#| 

  Coupon collecter's problem, or card collecter's problem in Racket Gamble.

  There are N different collecter's cards hidden in a package, but we don't
  know which card there is in the package we buy.
  We want to collect all of them, how many packages must one buy to collect
  all the different cards?

  See https://en.wikipedia.org/wiki/Coupon_collector%27s_problem
  """
  In probability theory, the coupon collector's problem describes 'collect all coupons and win' 
  contests. It asks the following question: If each box of a brand of cereals contains a 
  coupon, and there are n different types of coupons, what is the probability that more 
  than t boxes need to be bought to collect all n coupons? 

  An alternative statement is: Given n coupons, how many coupons do you expect you need 
  to draw with replacement before having drawn each coupon at least once? The mathematical 
  analysis of the problem reveals that the expected number of trials needed grows as 
  Θ(n log(n).
  For example, when n = 50 it takes about 225[b] trials on average to collect all 50 coupons. 

  ...

  [b]: E(50) = 50(1 + 1/2 + 1/3 + ... + 1/50) = 224.9603, the expected number of trials to 
  collect all 50 coupons. 

   The approximation n*log(n) + γ*n + 1/2 for this expected number gives in this case 
   ≈ 195.6011 + 28.8608 + 0.5 ≈ 224.9619.  [log is the natural logarithm]
  """ 


  This is a port of my WebPPL model coupon_collector.wppl
  Note: This is not a good model since it overshoots the number needed.
        For example, for n=50, the theoretical value is 224.96026691647126,
        but this model give the mean value of 288.1318000000067.
        And n=100 it give a mean of 769.8 instead of the theoretical 518.737751763962.

        I'd guess that using poisson distribution is not a good idea.

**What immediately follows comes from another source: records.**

(* Let $d\ge2$ and $-\frac{1}{d^2-1} \le t \le \frac{1}{d+1}$. Suppose $\{|x_i\rangle\}_{i=1}^{d^2}$ and $\{|y_i\rangle\}_{i=1}^{d^2}$ are tight, informationally complete frames of unit vectors in $\mathbb{C}^d$ such that for all $i\neq j$ $$|\langle x_i|y_j\rangle|^2 = \frac{1-t}{d}, \qquad |\langle x_i|y_i\rangle|^2 = \frac{t(d^2-1)+1}{d}.$$ Then $$\frac{1}{d^2}\sum_{i=1}^{d^2} |x_i\rangle\langle x_i| \otimes |y_i\rangle\langle y_i| = \frac{t}{d}U_{SW} + \frac{1-t}{d^2}I_{d^2}.$$
   Context: $U_{SW}$ is the swap operator on $\mathbb{C}^d\otimes\mathbb{C}^d$, $U_{SW}(|u\rangle\otimes|v\rangle)=|v\rangle\otimes|u\rangle$. A set of unit vectors $\{|x_i\rangle\}_{i=1}^n\subset\mathbb{C}^d$ is a tight frame if $\sum_i |x_i\rangle\langle x_i| = cI_d$ for some real $c\ge0$; it is informationally complete if the projectors $|x_i\rangle\langle x_i|$ span the space of all complex $d\times d$ matrices. *)

theory Defs
  imports "HOL-Analysis.Analysis"
begin

text \<open>Vectors of C^d are modelled as complex^'n with d = CARD('n);
  d x d matrices as complex^'n^'n; operators on C^d (x) C^d as matrices
  indexed by the finite type 'n \<times> 'n.\<close>

definition cinner :: "complex^'n::finite \<Rightarrow> complex^'n \<Rightarrow> complex" where
  "cinner x y = (\<Sum>k\<in>UNIV. cnj (x $ k) * y $ k)"

definition proj :: "complex^'n::finite \<Rightarrow> complex^'n^'n" where
  "proj x = (\<chi> a b. x $ a * cnj (x $ b))"

definition tight_frame :: "nat \<Rightarrow> (nat \<Rightarrow> complex^'n::finite) \<Rightarrow> bool" where
  "tight_frame n x \<longleftrightarrow> (\<exists>c::real. c \<ge> 0 \<and> (\<Sum>i<n. proj (x i)) = mat (complex_of_real c))"

definition info_complete :: "nat \<Rightarrow> (nat \<Rightarrow> complex^'n::finite) \<Rightarrow> bool" where
  "info_complete n x \<longleftrightarrow>
     (\<forall>M::complex^'n^'n. \<exists>c::nat \<Rightarrow> complex. M = (\<chi> a b. \<Sum>i<n. c i * proj (x i) $ a $ b))"

definition kron :: "complex^'n::finite^'n \<Rightarrow> complex^'n^'n \<Rightarrow> complex^('n\<times>'n)^('n\<times>'n)" where
  "kron P Q = (\<chi> u v. P $ fst u $ fst v * Q $ snd u $ snd v)"

text \<open>swap operator: U(|a>|b>) = |b>|a>, matrix entry ((a,b),(c,d)) = [a=d \<and> b=c]\<close>
definition swap_op :: "complex^('n::finite\<times>'n)^('n\<times>'n)" where
  "swap_op = (\<chi> u v. if u = prod.swap v then 1 else 0)"

end

theory Submission
  imports Defs
begin

(* Both sides are operators on C^d \<otimes> C^d, and these are separated by the functionals
  X \<mapsto> tr((A \<otimes> B) X); by informational completeness of the two frames it even suffices to take
  A = |y_j><y_j| and B = |x_k><x_k|. For these the left-hand side gives
  d^-2 \<Sum>_i |<x_i|y_j>|^2 |<x_k|y_i>|^2, a sum over products of the two prescribed overlap values,
  while tr((A \<otimes> B) U_SW) = |<x_k|y_j>|^2 and tr(A \<otimes> B) = 1; a short computation shows that the
  results agree. *)

lemma sum_UNIV_prod:
  "(\<Sum>u\<in>(UNIV::('a::finite \<times> 'b::finite) set). f u) = (\<Sum>a\<in>UNIV. \<Sum>b\<in>UNIV. f (a, b))"
  by (simp add: sum.cartesian_product flip: UNIV_Times_UNIV)

lemma sum_sum_delta:
  "(\<Sum>a\<in>(UNIV::'a::finite set). \<Sum>b\<in>(UNIV::'b::finite set). if a = i \<and> b = j then f a b else 0)
     = f i j"
proof -
  have "(\<Sum>b\<in>(UNIV::'b set). if a = i \<and> b = j then f a b else 0) = (if a = i then f a j else 0)"
    for a
    by (cases "a = i") simp_all
  then show ?thesis by simp
qed

lemma trace_matrix_mult:
  "trace (A ** B) = (\<Sum>i\<in>UNIV. \<Sum>j\<in>UNIV. A $ i $ j * B $ j $ i)"
  by (simp add: trace_def matrix_matrix_mult_def)

lemma trace_mult_add_right:
  fixes A :: "'a::comm_semiring_1^'n^'n"
  shows "trace (A ** (B + C)) = trace (A ** B) + trace (A ** C)"
  by (simp add: matrix_add_ldistrib trace_add)

lemma trace_mult_scaleR_right:
  fixes A :: "'a::{real_algebra_1, comm_semiring_1}^'n^'n"
  shows "trace (A ** (r *\<^sub>R B)) = r *\<^sub>R trace (A ** B)"
  by (simp add: trace_matrix_mult scaleR_sum_right)

lemma trace_mult_sum_right:
  "trace (A ** (\<Sum>i\<in>S. B i)) = (\<Sum>i\<in>S. trace (A ** B i))"
  by (simp add: trace_matrix_mult sum_distrib_left sum_component sum.swap[of _ _ S])

lemma trace_lincomb_mult:
  "trace ((\<chi> a b. \<Sum>i\<in>S. c i * A i $ a $ b) ** X) = (\<Sum>i\<in>S. c i * trace (A i ** X))"
  by (simp add: trace_matrix_mult sum_distrib_left sum_distrib_right mult_ac sum.swap[of _ _ S])

definition matrix_unit :: "'m \<Rightarrow> 'n \<Rightarrow> 'a::zero_neq_one^'n^'m" where
  "matrix_unit i j = (\<chi> p q. if p = i \<and> q = j then 1 else 0)"

lemma trace_matrix_unit_mult: "trace (matrix_unit i j ** A) = A $ j $ i"
  by (simp add: trace_matrix_mult matrix_unit_def if_distrib[where f="\<lambda>z. z * _"] sum_sum_delta
      cong: if_cong)

lemma kron_matrix_unit: "kron (matrix_unit a b) (matrix_unit c e) = matrix_unit (a, c) (b, e)"
  by (simp add: kron_def matrix_unit_def vec_eq_iff prod_eq_iff)

lemma kron_mult: "kron A B ** kron P Q = kron (A ** P) (B ** Q)"
  by (simp add: kron_def matrix_matrix_mult_def vec_eq_iff sum_UNIV_prod sum_product mult_ac)

lemma trace_kron: "trace (kron A B) = trace A * trace B"
  by (simp add: kron_def trace_def sum_UNIV_prod sum_product)

lemma trace_kron_mult_swap_op: "trace (kron A B ** swap_op) = trace (A ** B)"
  by (simp add: trace_matrix_mult kron_def swap_op_def sum_UNIV_prod
      if_distrib[where f="\<lambda>z. _ * z"] sum_sum_delta cong: if_cong)

lemma kron_lincomb_left:
  "kron (\<chi> a b. \<Sum>i\<in>S. c i * A i $ a $ b) B = (\<chi> u v. \<Sum>i\<in>S. c i * kron (A i) B $ u $ v)"
  by (simp add: kron_def sum_distrib_left sum_distrib_right mult_ac)

lemma kron_lincomb_right:
  "kron A (\<chi> a b. \<Sum>i\<in>S. c i * B i $ a $ b) = (\<chi> u v. \<Sum>i\<in>S. c i * kron A (B i) $ u $ v)"
  by (simp add: kron_def sum_distrib_left mult_ac)

lemma eq_if_trace_kron_mult_eq:
  assumes "\<And>A B. trace (kron A B ** X) = trace (kron A B ** Y)"
  shows "X = Y"
proof -
  have "X $ u $ v = Y $ u $ v" for u v
    using assms[of "matrix_unit (fst v) (fst u)" "matrix_unit (snd v) (snd u)"]
    by (simp add: kron_matrix_unit trace_matrix_unit_mult)
  then show ?thesis by (simp add: vec_eq_iff)
qed

lemma eq_if_trace_kron_proj_mult_eq:
  assumes "info_complete n x" and "info_complete n y"
    and "\<And>j k. j < n \<Longrightarrow> k < n \<Longrightarrow>
      trace (kron (proj (x j)) (proj (y k)) ** X) = trace (kron (proj (x j)) (proj (y k)) ** Y)"
  shows "X = Y"
proof (rule eq_if_trace_kron_mult_eq)
  fix A B
  obtain c where A: "A = (\<chi> a b. \<Sum>i<n. c i * proj (x i) $ a $ b)"
    using assms(1) unfolding info_complete_def by blast
  obtain e where B: "B = (\<chi> a b. \<Sum>i<n. e i * proj (y i) $ a $ b)"
    using assms(2) unfolding info_complete_def by blast
  have "trace (kron A B ** Z)
      = (\<Sum>k<n. e k * (\<Sum>j<n. c j * trace (kron (proj (x j)) (proj (y k)) ** Z)))" for Z
    unfolding A B kron_lincomb_left trace_lincomb_mult kron_lincomb_right ..
  then show "trace (kron A B ** X) = trace (kron A B ** Y)"
    using assms(3) by simp
qed

lemma trace_proj: "trace (proj x) = of_real ((norm x)\<^sup>2)"
proof -
  have "of_real ((norm x)\<^sup>2) = (\<Sum>k\<in>UNIV. complex_of_real ((cmod (x $ k))\<^sup>2))"
    by (simp add: norm_vec_def L2_set_def sum_nonneg)
  also have "\<dots> = (\<Sum>k\<in>UNIV. x $ k * cnj (x $ k))"
    by (simp only: complex_norm_square)
  finally show ?thesis
    by (simp add: trace_def proj_def)
qed

lemma trace_proj_mult_proj: "trace (proj x ** proj y) = of_real ((cmod (cinner x y))\<^sup>2)"
proof -
  have "trace (proj x ** proj y) = (\<Sum>a\<in>UNIV. \<Sum>b\<in>UNIV. (cnj (x $ b) * y $ b) * (cnj (y $ a) * x $ a))"
    by (simp add: trace_matrix_mult proj_def mult_ac)
  also have "\<dots> = cinner x y * cnj (cinner x y)"
    by (simp add: cinner_def sum_product mult_ac)
  finally show ?thesis
    by (simp only: complex_norm_square)
qed

lemma sum_two_valued_products:
  fixes a b :: real
  assumes "j < N" and "k < N"
  shows "(\<Sum>i<N. (if i = j then a else b) * (if k = i then a else b))
     = real N * b\<^sup>2 + 2 * b * (a - b) + (if j = k then (a - b)\<^sup>2 else 0)"
proof -
  have "(\<Sum>i<N. (if i = j then a else b) * (if k = i then a else b))
    = (\<Sum>i<N. b\<^sup>2 + (if i = j then b * (a - b) else 0) + (if i = k then b * (a - b) else 0)
          + (if i = j then (if i = k then (a - b)\<^sup>2 else 0) else 0))"
    by (rule sum.cong) (auto simp: power2_eq_square algebra_simps)
  also have "\<dots> = real N * b\<^sup>2 + 2 * b * (a - b) + (if j = k then (a - b)\<^sup>2 else 0)"
    using assms by (simp add: sum.distrib)
  finally show ?thesis .
qed

lemma sum_overlap_products:
  fixes t :: real
  assumes "d > 0" and "j < d\<^sup>2" and "k < d\<^sup>2"
  defines "a \<equiv> (t * (real d ^ 2 - 1) + 1) / real d" and "b \<equiv> (1 - t) / real d"
  shows "1 / real d ^ 2 * (\<Sum>i<d\<^sup>2. (if i = j then a else b) * (if k = i then a else b))
     = t / real d * (if k = j then a else b) + (1 - t) / real d ^ 2"
proof -
  have "real (d\<^sup>2) * b\<^sup>2 = (1 - t)\<^sup>2" and "2 * b * (a - b) = 2 * t * (1 - t)"
    and "(a - b)\<^sup>2 = real d ^ 2 * t\<^sup>2"
    and "real d * t * a = real d ^ 2 * t\<^sup>2 - t\<^sup>2 + t" and "real d * t * b = t - t\<^sup>2"
    using assms(1) by (simp_all add: a_def b_def field_simps power2_eq_square)
  then have sum_eq: "(\<Sum>i<d\<^sup>2. (if i = j then a else b) * (if k = i then a else b))
      = real d * t * (if k = j then a else b) + (1 - t)"
    using sum_two_valued_products[OF assms(2,3), of a b]
    by (cases "j = k") (simp_all add: power2_eq_square algebra_simps)
  have "1 / real d ^ 2 * (real d * t * c + (1 - t)) = t / real d * c + (1 - t) / real d ^ 2" for c
    using assms(1) by (simp add: field_simps power2_eq_square)
  then show ?thesis
    unfolding sum_eq .
qed

theorem theorem2:
  fixes x y :: "nat \<Rightarrow> complex^'n" and t
  defines "d \<equiv> CARD('n)"
  assumes "d \<ge> 2"
    and "- 1 / (real d ^ 2 - 1) \<le> t" and "t \<le> 1 / (real d + 1)"
    and "\<forall>i<d^2. norm (x i) = 1" and "\<forall>i<d^2. norm (y i) = 1"
    and "tight_frame (d^2) x" and "tight_frame (d^2) y"
    and "info_complete (d^2) x" and "info_complete (d^2) y"
    and "\<forall>i<d^2. \<forall>j<d^2. i \<noteq> j \<longrightarrow> (cmod (cinner (x i) (y j)))^2 = (1 - t) / real d"
    and "\<forall>i<d^2. (cmod (cinner (x i) (y i)))^2 = (t * (real d ^ 2 - 1) + 1) / real d"
  shows "(1 / real d ^ 2) *\<^sub>R (\<Sum>i<d^2. kron (proj (x i)) (proj (y i)))
           = (t / real d) *\<^sub>R swap_op + ((1 - t) / real d ^ 2) *\<^sub>R mat 1"
proof (rule eq_if_trace_kron_proj_mult_eq[OF \<open>info_complete (d^2) y\<close> \<open>info_complete (d^2) x\<close>])
  define a where "a = (t * (real d ^ 2 - 1) + 1) / real d"
  define b where "b = (1 - t) / real d"
  have d_pos: "d > 0"
    using assms(2) by simp
  have overlap: "trace (proj (x i) ** proj (y j)) = of_real (if i = j then a else b)"
    if "i < d^2" and "j < d^2" for i j
  proof -
    have "(cmod (cinner (x i) (y j)))\<^sup>2 = (if i = j then a else b)"
      using that assms(11,12) by (auto simp: a_def b_def)
    then show ?thesis by (simp add: trace_proj_mult_proj)
  qed
  have unit_x: "trace (proj (x i)) = 1" and unit_y: "trace (proj (y i)) = 1" if "i < d^2" for i
    using that assms(5,6) by (simp_all add: trace_proj)
  fix j k assume j: "j < d^2" and k: "k < d^2"
  let ?K = "kron (proj (y j)) (proj (x k))"
  let ?lhs = "(1 / real d ^ 2) *\<^sub>R (\<Sum>i<d^2. kron (proj (x i)) (proj (y i)))"
  let ?rhs = "(t / real d) *\<^sub>R swap_op + ((1 - t) / real d ^ 2) *\<^sub>R mat 1"
  have "trace (?K ** ?lhs) = (1 / real d ^ 2) *\<^sub>R
          (\<Sum>i<d^2. trace (proj (x i) ** proj (y j)) * trace (proj (x k) ** proj (y i)))"
    by (simp only: trace_mult_scaleR_right trace_mult_sum_right kron_mult trace_kron
        trace_mul_sym[of "proj (y j)"])
  also have "\<dots> = (1 / real d ^ 2) *\<^sub>R
      of_real (\<Sum>i<d^2. (if i = j then a else b) * (if k = i then a else b))"
    using j k by (simp add: overlap)
  also have "\<dots> = of_real (t / real d * (if k = j then a else b) + (1 - t) / real d ^ 2)"
    by (simp only: scaleR_conv_of_real of_real_mult[symmetric] d_pos j k
        sum_overlap_products[of d j k t, folded a_def b_def])
  also have "\<dots> = (t / real d) *\<^sub>R of_real (if k = j then a else b) + ((1 - t) / real d ^ 2) *\<^sub>R 1"
    by (simp add: scaleR_conv_of_real)
  also have "\<dots> = trace (?K ** ?rhs)"
    by (simp only: trace_mult_add_right trace_mult_scaleR_right trace_kron_mult_swap_op trace_kron
        matrix_mul_rid trace_mul_sym[of "proj (y j)"] overlap unit_x unit_y j k mult_1)
  finally show "trace (?K ** ?lhs) = trace (?K ** ?rhs)" .
qed

end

  Instead, see some of these models:
   * gamble_coupon_collectors_problem.rkt
   * gamble_geometric_cereal_box.rkt

  This program was created by Hakan Kjellerstrand, hakank@gmail.com
  See also my Racket page: http://www.hakank.org/racket/

|#

#lang gamble

; (require gamble/viz)
(require racket)
(require "gamble_utils.rkt")

;"Exact" probability
; from https://en.wikipedia.org/wiki/Coupon_collector%27s_problem (footnote [b])
(define (cc-theoretical n)
  ; approx (+ (* n (log n)) (* gamma n) 1/2  )
  (* n (for/sum ([i (range n)]) 
         (/ (+ i 1))))
  )

(define (coupon-collector n)
  (displayln (list "theoretical" (exact->inexact (cc-theoretical n))))
  
  (; enumerate
   ; rejection-sampler
   importance-sampler
   ; mh-sampler

   (define m (inexact->exact (round (sqrt n))))
     
   (define p (add1 (random-integer m)))
   ; (define p (beta 10 10)) ; for the geometric distribution
   
   ;; Fill this slot with cards
   (define (fill c)  (poisson p))
   
   ; Using a geometric distribution is not better
   ; (define (fill c)  (geometric p))

   ;; How many slots are filled (i.e. > 0)?
   ; (define total-filled (for/sum ([c (range n)]) (if (> (fill c) 0) 1 0)))
   (define total-filled (andmap (lambda (c) (> (fill c) 0))
             (range n)))

   ; (observe/fail (= total-filled n))
   (observe/fail total-filled)
     
     
   (list ; total-filled
         p
         (for/sum ([c (range n)]) (fill c))
         (fill 0)
         ;; (fill 1)
         ;; (fill 2)
         ;; (fill 3)
         ;; (fill 4)
         ;; (fill 5)
         ;; (fill 6)
         ;; (fill 7)
         ;; (fill 8)
         ;; (fill 9)
         )
   )
  
  )


(show-marginals (coupon-collector 100)
                (list ; "total-filled"
                      "p"
                      "sum"
                      "fill 0"
                      ;; "fill 1"
                      ;; "fill 2"
                      ;; "fill 3"
                      ;; "fill 4"
                      ;; "fill 5"
                      ;; "fill 6"
                      ;; "fill 7"
                      ;; "fill 8"
                      ;; "fill 9"
                      )
                #:num-samples 10000
                #:truncate-output 5
                )